# [Stored dataset items]
lemma sum_increments_le:
  fixes r :: "real \<Rightarrow> real"
  assumes "mono r" "finite I"
    and "\<And>i. i \<in> I \<Longrightarrow> A \<le> c i \<and> c i \<le> d i \<and> d i \<le> B"
    and "\<And>i j. i \<in> I \<Longrightarrow> j \<in> I \<Longrightarrow> i \<noteq> j \<Longrightarrow> d i < c j \<or> d j < c i"
    and "A \<le> B"
  shows "(\<Sum>i\<in>I. r (d i) - r (c i)) \<le> r B - r A"
  using assms(2-)
proof (induction "card I" arbitrary: I B rule: less_induct)
  case less
  show ?case
  proof (cases "I = {}")
    case True
    then show ?thesis using less.prems \<open>mono r\<close> by (simp add: monoD)
  next
    case False
    have "Max (c ` I) \<in> c ` I"
      using False less.prems(1) by (intro Max_in) auto
    then obtain i0 where i0: "i0 \<in> I" "c i0 = Max (c ` I)"
      by auto
    have below_i0: "A \<le> c i \<and> c i \<le> d i \<and> d i \<le> c i0" if "i \<in> I - {i0}" for i
    proof -
      have "c i \<le> c i0" using i0 that less.prems(1) by simp
      then show ?thesis
        using less.prems(2)[of i] less.prems(3)[of i i0] less.prems(2)[of i0] i0 that by force
    qed
    have "(\<Sum>i\<in>I - {i0}. r (d i) - r (c i)) \<le> r (c i0) - r A"
    proof (rule less.hyps)
      show "card (I - {i0}) < card I" using less.prems(1) i0(1) by (rule card_Diff1_less)
      show "A \<le> c i0" using less.prems(2) i0(1) by blast
    qed (use less.prems below_i0 in auto)
    moreover have "(\<Sum>i\<in>I. r (d i) - r (c i)) = (r (d i0) - r (c i0)) + (\<Sum>i\<in>I - {i0}. r (d i) - r (c i))"
      using i0 less.prems(1) by (simp add: sum.remove)
    ultimately show ?thesis
      using monoD[OF \<open>mono r\<close>, of "d i0" B] less.prems(2)[of i0] i0 by linarith
  qed
qed

lemma disjnt_cball_real_separated:
  fixes s s' t t' :: real
  assumes "disjnt (cball s t) (cball s' t')" "0 < t" "0 < t'"
  shows "s + t < s' - t' \<or> s' + t' < s - t"
proof (rule ccontr)
  assume "\<not> ?thesis"
  then have "max (s - t) (s' - t') \<in> cball s t \<inter> cball s' t'"
    using assms(2,3) by (auto simp: cball_eq_atLeastAtMost)
  then show False using assms(1) by (auto simp: disjnt_def)
qed

lemma measure_cballs_le_right_deriv:
  fixes h :: "real \<Rightarrow> real"
  assumes cv: "convex_on UNIV h" and "0 < C" "finite I" "A \<le> B"
    and balls: "\<And>i. i \<in> I \<Longrightarrow>
      0 < r i \<and> A \<le> a i - r i \<and> a i + r i \<le> B \<and> C * (r i)\<^sup>2 < second_diff h (a i) 1 (r i)"
    and disjoint: "pairwise (\<lambda>i j. disjnt (cball (a i) (r i)) (cball (a j) (r j))) I"
  shows "C * measure lebesgue (\<Union>i\<in>I. cball (a i) (r i)) \<le> 2 * (right_deriv h B - right_deriv h A)"
proof -
  have "measure lebesgue (\<Union>i\<in>I. cball (a i) (r i)) \<le> (\<Sum>i\<in>I. measure lebesgue (cball (a i) (r i)))"
    using \<open>finite I\<close> by (intro measure_UNION_le) auto
  also have "\<dots> = (\<Sum>i\<in>I. 2 * r i)"
  proof (rule sum.cong)
    show "measure lebesgue (cball (a i) (r i)) = 2 * r i" if "i \<in> I" for i
      using balls[OF that] by (simp add: cball_eq_atLeastAtMost)
  qed simp
  finally have measure_le: "measure lebesgue (\<Union>i\<in>I. cball (a i) (r i)) \<le> 2 * (\<Sum>i\<in>I. r i)"
    by (simp add: sum_distrib_left)
  have "C * (\<Sum>i\<in>I. r i) \<le> (\<Sum>i\<in>I. right_deriv h (a i + r i) - right_deriv h (a i - r i))"
    unfolding sum_distrib_left
  proof (rule sum_mono)
    fix i assume "i \<in> I"
    have "C * (r i)\<^sup>2 < r i * (right_deriv h (a i + r i) - right_deriv h (a i - r i))"
      using balls[OF \<open>i \<in> I\<close>] second_diff_le_right_deriv[OF cv, of "r i" "a i"] by linarith
    then have "r i * (C * r i) < r i * (right_deriv h (a i + r i) - right_deriv h (a i - r i))"
      by (simp add: power2_eq_square algebra_simps)
    then show "C * r i \<le> right_deriv h (a i + r i) - right_deriv h (a i - r i)"
      using balls[OF \<open>i \<in> I\<close>] by simp
  qed
  also have "\<dots> \<le> right_deriv h B - right_deriv h A"
  proof (rule sum_increments_le[OF mono_right_deriv[OF cv] \<open>finite I\<close> _ _ \<open>A \<le> B\<close>])
    show "A \<le> a i - r i \<and> a i - r i \<le> a i + r i \<and> a i + r i \<le> B" if "i \<in> I" for i
      using balls[OF that] by auto
    show "a i + r i < a j - r j \<or> a j + r j < a i - r i" if "i \<in> I" "j \<in> I" "i \<noteq> j" for i j
      using disjoint that balls[of i] balls[of j]
      by (intro disjnt_cball_real_separated) (auto simp: pairwise_def)
  qed
  finally have "C * (\<Sum>i\<in>I. r i) \<le> right_deriv h B - right_deriv h A" .
  moreover have "C * measure lebesgue (\<Union>i\<in>I. cball (a i) (r i)) \<le> 2 * (C * (\<Sum>i\<in>I. r i))"
    using mult_left_mono[OF measure_le, of C] \<open>0 < C\<close> by (simp add: mult.left_commute)
  ultimately show ?thesis
    by (meson order.trans mult_left_mono zero_le_numeral)
qed

lemma Vitali_covering_outer_measure_le:
  fixes a :: "'i \<Rightarrow> 'n::euclidean_space"
  assumes r: "\<And>i. i \<in> K \<Longrightarrow> 0 < r i"
    and fine: "\<And>x d. x \<in> S \<Longrightarrow> 0 < d \<Longrightarrow> \<exists>i. i \<in> K \<and> x \<in> cball (a i) (r i) \<and> r i < d"
    and bound: "\<And>I. I \<subseteq> K \<Longrightarrow> finite I \<Longrightarrow>
      pairwise (\<lambda>i j. disjnt (cball (a i) (r i)) (cball (a j) (r j))) I \<Longrightarrow>
      measure lebesgue (\<Union>i\<in>I. cball (a i) (r i)) \<le> M"
  obtains T where "S \<subseteq> T" "T \<in> lmeasurable" "measure lebesgue T \<le> M"
proof -
  obtain D where D: "countable D" "D \<subseteq> K"
    "pairwise (\<lambda>i j. disjnt (cball (a i) (r i)) (cball (a j) (r j))) D"
    "negligible (S - (\<Union>i\<in>D. cball (a i) (r i)))"
  proof (rule Vitali_covering_theorem_cballs[of K r S a])
    show "0 < r i" if "i \<in> K" for i
      using that by (rule r)
    show "\<exists>i. i \<in> K \<and> x \<in> cball (a i) (r i) \<and> r i < d" if "x \<in> S" "0 < d" for x d
      using that by (rule fine)
  qed (rule that)
  define U where "U = (\<Union>i\<in>D. cball (a i) (r i))"
  have finite_bound: "measure lebesgue (\<Union>i\<in>I. cball (a i) (r i)) \<le> M" if "I \<subseteq> D" "finite I" for I
  proof (rule bound)
    show "I \<subseteq> K"
      using that(1) D(2) by (rule order.trans)
    show "pairwise (\<lambda>i j. disjnt (cball (a i) (r i)) (cball (a j) (r j))) I"
      using D(3) that(1) by (rule pairwise_subset)
  qed (rule that(2))
  have U: "U \<in> lmeasurable" "measure lebesgue U \<le> M"
    unfolding U_def using fmeasurable_UN_bound[OF D(1) lmeasurable_cball finite_bound]
      measure_UN_bound[OF D(1) lmeasurable_cball finite_bound] by auto
  have "negligible (S - U)"
    using D(4) by (simp only: U_def)
  moreover have "(U - (U \<union> S)) \<union> ((U \<union> S) - U) = S - U"
    by blast
  ultimately have "negligible ((U - (U \<union> S)) \<union> ((U \<union> S) - U))"
    by (simp only:)
  then have "U \<union> S \<in> lmeasurable" "measure lebesgue (U \<union> S) = measure lebesgue U"
    using lmeasurable_negligible_symdiff[OF U(1)] measure_negligible_symdiff[OF U(1)] by blast+
  moreover have "S \<subseteq> U \<union> S"
    by blast
  ultimately show ?thesis
    using U(2) that[of "U \<union> S"] by simp
qed

lemma negligible_superquadratic_points_ball:
  fixes h :: "real \<Rightarrow> real"
  assumes cv: "convex_on UNIV h" and "0 \<le> k"
  shows "negligible (superquadratic_points h 1 \<inter> ball 0 k)"
  unfolding negligible_outer_le
proof (intro allI impI)
  fix e :: real assume "0 < e"
  define S where "S = superquadratic_points h 1 \<inter> ball 0 k"
  define M where "M = right_deriv h (k + 1) - right_deriv h (- (k + 1))"
  define C where "C = 2 * (M + 1) / e"
  have "0 \<le> M"
    unfolding M_def using monoD[OF mono_right_deriv[OF cv], of "- (k + 1)" "k + 1"] \<open>0 \<le> k\<close> by simp
  then have "0 < C" "2 * M / C \<le> e"
    unfolding C_def using \<open>0 < e\<close> by (auto simp: field_simps)
  define K where "K = {(s, t). s \<in> S \<and> 0 < t \<and> t < 1 \<and> C * t\<^sup>2 < second_diff h s 1 t}"
  obtain T where "S \<subseteq> T" "T \<in> lmeasurable" "measure lebesgue T \<le> 2 * M / C"
  proof (rule Vitali_covering_outer_measure_le[of K snd S fst])
    show "0 < snd i" if "i \<in> K" for i
      using that by (auto simp: K_def)
    show "\<exists>i. i \<in> K \<and> x \<in> cball (fst i) (snd i) \<and> snd i < d" if x: "x \<in> S" and d: "0 < d" for x d
    proof -
      have "\<forall>\<delta>>0. \<exists>t. 0 < t \<and> t < \<delta> \<and> C * t\<^sup>2 < second_diff h x 1 t"
        using x \<open>0 < C\<close> by (simp add: S_def superquadratic_points_def)
      moreover have "0 < min d 1" using d by simp
      ultimately obtain t where "0 < t" "t < min d 1" "C * t\<^sup>2 < second_diff h x 1 t"
        by blast
      then show ?thesis
        using x by (intro exI[of _ "(x, t)"]) (auto simp: K_def)
    qed
    show "measure lebesgue (\<Union>i\<in>I. cball (fst i) (snd i)) \<le> 2 * M / C"
      if "I \<subseteq> K" "finite I" and disjoint: "pairwise (\<lambda>i j. disjnt (cball (fst i) (snd i)) (cball (fst j) (snd j))) I"
      for I
    proof -
      have "C * measure lebesgue (\<Union>i\<in>I. cball (fst i) (snd i)) \<le> 2 * M"
        unfolding M_def
      proof (rule measure_cballs_le_right_deriv[OF cv \<open>0 < C\<close> \<open>finite I\<close> _ _ disjoint])
        show "0 < snd i \<and> - (k + 1) \<le> fst i - snd i \<and> fst i + snd i \<le> k + 1 \<and>
            C * (snd i)\<^sup>2 < second_diff h (fst i) 1 (snd i)" if "i \<in> I" for i
          using \<open>I \<subseteq> K\<close> that by (auto simp: K_def S_def dist_real_def)
      qed (use \<open>0 \<le> k\<close> in simp)
      then show ?thesis
        using \<open>0 < C\<close> by (simp add: pos_le_divide_eq mult.commute)
    qed
  qed
  then show "\<exists>T. superquadratic_points h 1 \<inter> ball 0 k \<subseteq> T \<and> T \<in> lmeasurable \<and> measure lebesgue T \<le> e"
    unfolding S_def using \<open>2 * M / C \<le> e\<close> by auto
qed

lemma negligible_superquadratic_points_real:
  fixes h :: "real \<Rightarrow> real"
  assumes "convex_on UNIV h"
  shows "negligible (superquadratic_points h 1)"
proof -
  have "superquadratic_points h 1 = (\<Union>n. superquadratic_points h 1 \<inter> ball 0 (real n))"
    by (auto simp: dist_real_def) (meson reals_Archimedean2)
  also have "negligible \<dots>"
    by (rule negligible_countable_Union) (auto intro!: negligible_superquadratic_points_ball assms)
  finally show ?thesis .
qed

section \<open>Second differences along coordinate lines\<close>

lemma convex_on_line:
  fixes \<phi> :: "'a::real_vector \<Rightarrow> real"
  assumes "convex_on UNIV \<phi>"
  shows "convex_on UNIV (\<lambda>t. \<phi> (w + t *\<^sub>R v))"
proof (rule convex_onI)
  fix t x y :: real assume "0 < t" "t < 1"
  have "w + ((1 - t) *\<^sub>R x + t *\<^sub>R y) *\<^sub>R v = (1 - t) *\<^sub>R (w + x *\<^sub>R v) + t *\<^sub>R (w + y *\<^sub>R v)"
    by (simp add: algebra_simps)
  then show "\<phi> (w + ((1 - t) *\<^sub>R x + t *\<^sub>R y) *\<^sub>R v) \<le> (1 - t) * \<phi> (w + x *\<^sub>R v) + t * \<phi> (w + y *\<^sub>R v)"
    using convex_onD[OF assms, of t] \<open>0 < t\<close> \<open>t < 1\<close> by simp
qed (rule convex_UNIV)

lemma superquadratic_points_line:
  "{t. w + t *\<^sub>R v \<in> superquadratic_points f v} = superquadratic_points (\<lambda>t. f (w + t *\<^sub>R v)) 1"
proof -
  have "w + t *\<^sub>R v + s *\<^sub>R v = w + (t + s) *\<^sub>R v" "w + t *\<^sub>R v - s *\<^sub>R v = w + (t - s) *\<^sub>R v"
    for t s :: real
    by (simp_all add: algebra_simps)
  then show ?thesis
    by (simp only: superquadratic_points_def second_diff_def mem_Collect_eq real_scaleR_def mult_1_right)
qed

# [BRIEF]
Looking through the records, copy out every line in which the word "moreover" is found.

# [RESPONSE]
    moreover have "(\<Sum>i\<in>I. r (d i) - r (c i)) = (r (d i0) - r (c i0)) + (\<Sum>i\<in>I - {i0}. r (d i) - r (c i))"
  moreover have "C * measure lebesgue (\<Union>i\<in>I. cball (a i) (r i)) \<le> 2 * (C * (\<Sum>i\<in>I. r i))"
  moreover have "(U - (U \<union> S)) \<union> ((U \<union> S) - U) = S - U"
  moreover have "S \<subseteq> U \<union> S"
      moreover have "0 < min d 1" using d by simp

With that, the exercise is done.